═════ Records for the task ═════

(* For every finite multiset $\Gamma$ of IMLL formulas and formula $\varphi$: if $\Gamma\vdash\varphi$ (derivable in NIMLL), then $\Gamma\Vdash\varphi$.
   Context: Fix a countably infinite set $\mathbb{A}$ of atoms. IMLL formulas: $\varphi::= p\in\mathbb{A}\mid\varphi\otimes\varphi\mid \mathrm{I}\mid\varphi\multimap\varphi$. Collections are finite multisets; "$,$" denotes multiset union, $\emptyset$ the empty multiset. NIMLL is the sequent-style natural deduction system with rules: (ax) $\varphi\triangleright\varphi$; ($\multimap$I) from $\Gamma,\varphi\triangleright\psi$ infer $\Gamma\triangleright\varphi\multimap\psi$; ($\multimap$E) from $\Gamma\triangleright\varphi\multimap\psi$ and $\Delta\triangleright\varphi$ infer $\Gamma,\Delta\triangleright\psi$; ($\mathrm{I}$I) $\emptyset\triangleright\mathrm{I}$; ($\mathrm{I}$E) from $\Gamma\triangleright\varphi$ and $\Delta\triangleright\mathrm{I}$ infer $\Gamma,\Delta\triangleright\varphi$; ($\otimes$I) from $\Gamma\triangleright\varphi$ and $\Delta\triangleright\psi$ infer $\Gamma,\Delta\triangleright\varphi\otimes\psi$; ($\otimes$E) from $\Gamma\triangleright\varphi\otimes\psi$ and $\Delta,\varphi,\psi\triangleright\chi$ infer $\Gamma,\Delta\triangleright\chi$. $\Gamma\vdash\varphi$ means $\Gamma\triangleright\varphi$ is derivable. An atomic rule is $(P_1\triangleright p_1,\dots,P_n\triangleright p_n)\Rightarrow p$ ($n\ge0$, $P_i$ finite multisets of atoms); a base is a set of atomic rules. Derivability $\vdash_{\mathscr{B}}$ is the least relation with (Ref) $[p]\vdash_{\mathscr{B}}p$; (App) if $(P_1\triangleright p_1,\dots,P_n\triangleright p_n)\Rightarrow p\in\mathscr{B}$ and $S_i,P_i\vdash_{\mathscr{B}}p_i$ for all $i$, then $S_1,\dots,S_n\vdash_{\mathscr{B}}p$. Support: (At) $\Vdash^{P}_{\mathscr{B}}p$ iff $P\vdash_{\mathscr{B}}p$; ($\otimes$) $\Vdash^{P}_{\mathscr{B}}\varphi\otimes\psi$ iff for every $\mathscr{X}\supseteq\mathscr{B}$, multiset of atoms $U$, atom $p$, if $\varphi,\psi\Vdash^{U}_{\mathscr{X}}p$ then $\Vdash^{P,U}_{\mathscr{X}}p$; ($\mathrm{I}$) $\Vdash^{P}_{\mathscr{B}}\mathrm{I}$ iff for every $\mathscr{X}\supseteq\mathscr{B}$, $U$, $p$, if $\Vdash^{U}_{\mathscr{X}}p$ then $\Vdash^{P,U}_{\mathscr{X}}p$; ($\multimap$) $\Vdash^{P}_{\mathscr{B}}\varphi\multimap\psi$ iff $\varphi\Vdash^{P}_{\mathscr{B}}\psi$; (comma) for nonempty $\Gamma,\Delta$, $\Vdash^{P}_{\mathscr{B}}\Gamma,\Delta$ iff $P=U,V$ for some $U,V$ with $\Vdash^{U}_{\mathscr{B}}\Gamma$, $\Vdash^{V}_{\mathscr{B}}\Delta$ (singleton $[\varphi]$ supported iff $\varphi$ is); (Inf) for nonempty $\Gamma$, $\Gamma\Vdash^{P}_{\mathscr{B}}\varphi$ iff for every $\mathscr{X}\supseteq\mathscr{B}$ and $U$, if $\Vdash^{U}_{\mathscr{X}}\Gamma$ then $\Vdash^{P,U}_{\mathscr{X}}\varphi$; for empty $\Gamma$ it means $\Vdash^{P}_{\mathscr{B}}\varphi$. Validity: $\Gamma\Vdash\varphi$ iff $\Gamma\Vdash^{\emptyset}_{\mathscr{B}}\varphi$ for every base $\mathscr{B}$. *)

theory Defs
  imports "HOL-Library.Multiset"
begin

type_synonym atom = nat

datatype frm = At atom | Tens frm frm | One | Lolli frm frm

inductive nd :: "frm multiset \<Rightarrow> frm \<Rightarrow> bool" where
  ax: "nd {#a#} a"
| lolI: "nd (G + {#a#}) b \<Longrightarrow> nd G (Lolli a b)"
| lolE: "nd G (Lolli a b) \<Longrightarrow> nd D a \<Longrightarrow> nd (G + D) b"
| oneI: "nd {#} One"
| oneE: "nd G a \<Longrightarrow> nd D One \<Longrightarrow> nd (G + D) a"
| tenI: "nd G a \<Longrightarrow> nd D b \<Longrightarrow> nd (G + D) (Tens a b)"
| tenE: "nd G (Tens a b) \<Longrightarrow> nd (D + {#a, b#}) c \<Longrightarrow> nd (G + D) c"

text \<open>An atomic rule (P1 |> p1, ..., Pn |> pn) => p is a pair (list of premises, conclusion);
  a base is a set of atomic rules.\<close>
type_synonym arule = "(atom multiset \<times> atom) list \<times> atom"
type_synonym base = "arule set"

inductive bder :: "base \<Rightarrow> atom multiset \<Rightarrow> atom \<Rightarrow> bool" for B :: base where
  Ref: "bder B {#p#} p"
| App: "(prems, p) \<in> B \<Longrightarrow> length S = length prems \<Longrightarrow>
        (\<forall>i < length prems. bder B (S ! i + fst (prems ! i)) (snd (prems ! i))) \<Longrightarrow>
        bder B (sum_list S) p"

text \<open>Support of a single formula, by recursion on the formula.  In the tensor clause,
  the judgement  a, b ||-^U_X p  is unfolded via (Inf) and (comma).\<close>
fun supp :: "base \<Rightarrow> atom multiset \<Rightarrow> frm \<Rightarrow> bool" where
  "supp B P (At p) = bder B P p"
| "supp B P (Tens a b) =
     (\<forall>X U p. B \<subseteq> X \<longrightarrow>
        (\<forall>Y V1 V2. X \<subseteq> Y \<longrightarrow> supp Y V1 a \<longrightarrow> supp Y V2 b \<longrightarrow> bder Y (U + (V1 + V2)) p)
        \<longrightarrow> bder X (P + U) p)"
| "supp B P One = (\<forall>X U p. B \<subseteq> X \<longrightarrow> bder X U p \<longrightarrow> bder X (P + U) p)"
| "supp B P (Lolli a b) = (\<forall>X U. B \<subseteq> X \<longrightarrow> supp X U a \<longrightarrow> supp X (P + U) b)"

fun suppL :: "base \<Rightarrow> atom multiset \<Rightarrow> frm list \<Rightarrow> bool" where
  "suppL B P [] = (P = {#})"
| "suppL B P (a # as) = (\<exists>U V. P = U + V \<and> supp B U a \<and> suppL B V as)"

definition suppM :: "base \<Rightarrow> atom multiset \<Rightarrow> frm multiset \<Rightarrow> bool" where
  "suppM B P G = (\<exists>xs. mset xs = G \<and> suppL B P xs)"

definition inf_supp :: "base \<Rightarrow> atom multiset \<Rightarrow> frm multiset \<Rightarrow> frm \<Rightarrow> bool" where
  "inf_supp B P G a =
     (if G = {#} then supp B P a
      else (\<forall>X U. B \<subseteq> X \<longrightarrow> suppM X U G \<longrightarrow> supp X (P + U) a))"

definition valid :: "frm multiset \<Rightarrow> frm \<Rightarrow> bool" where
  "valid G a = (\<forall>B. inf_supp B {#} G a)"

end

theory Submission
  imports Defs
begin

text \<open>Soundness is proved by induction on NIMLL derivations, for the stronger claim that a
  derivable sequent is supported at every base and resource that support its context.  The eliminations of \<open>\<otimes>\<close> and \<open>I\<close> are the only real
  work: their support clauses only permit elimination into atoms, and an induction on the
  conclusion formula lifts such an atomic elimination to an arbitrary conclusion.\<close>

lemma bder_mono: "bder B P p \<Longrightarrow> B \<subseteq> C \<Longrightarrow> bder C P p"
proof (induction rule: bder.induct)
  case Ref
  show ?case by (rule bder.Ref)
next
  case (App prems p S)
  then show ?case by (intro bder.App) auto
qed

lemma supp_mono: "supp B P c \<Longrightarrow> B \<subseteq> C \<Longrightarrow> supp C P c"
  by (cases c) (auto intro: bder_mono dest: order_trans)

lemma suppL_mono: "suppL B P xs \<Longrightarrow> B \<subseteq> C \<Longrightarrow> suppL C P xs"
  by (induction xs arbitrary: P) (auto intro: supp_mono)

lemma suppM_mono: "suppM B P G \<Longrightarrow> B \<subseteq> C \<Longrightarrow> suppM C P G"
  unfolding suppM_def using suppL_mono by blast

═════

**Work to be completed**
State only how many lines above contain "definition".

**Exercise output**
3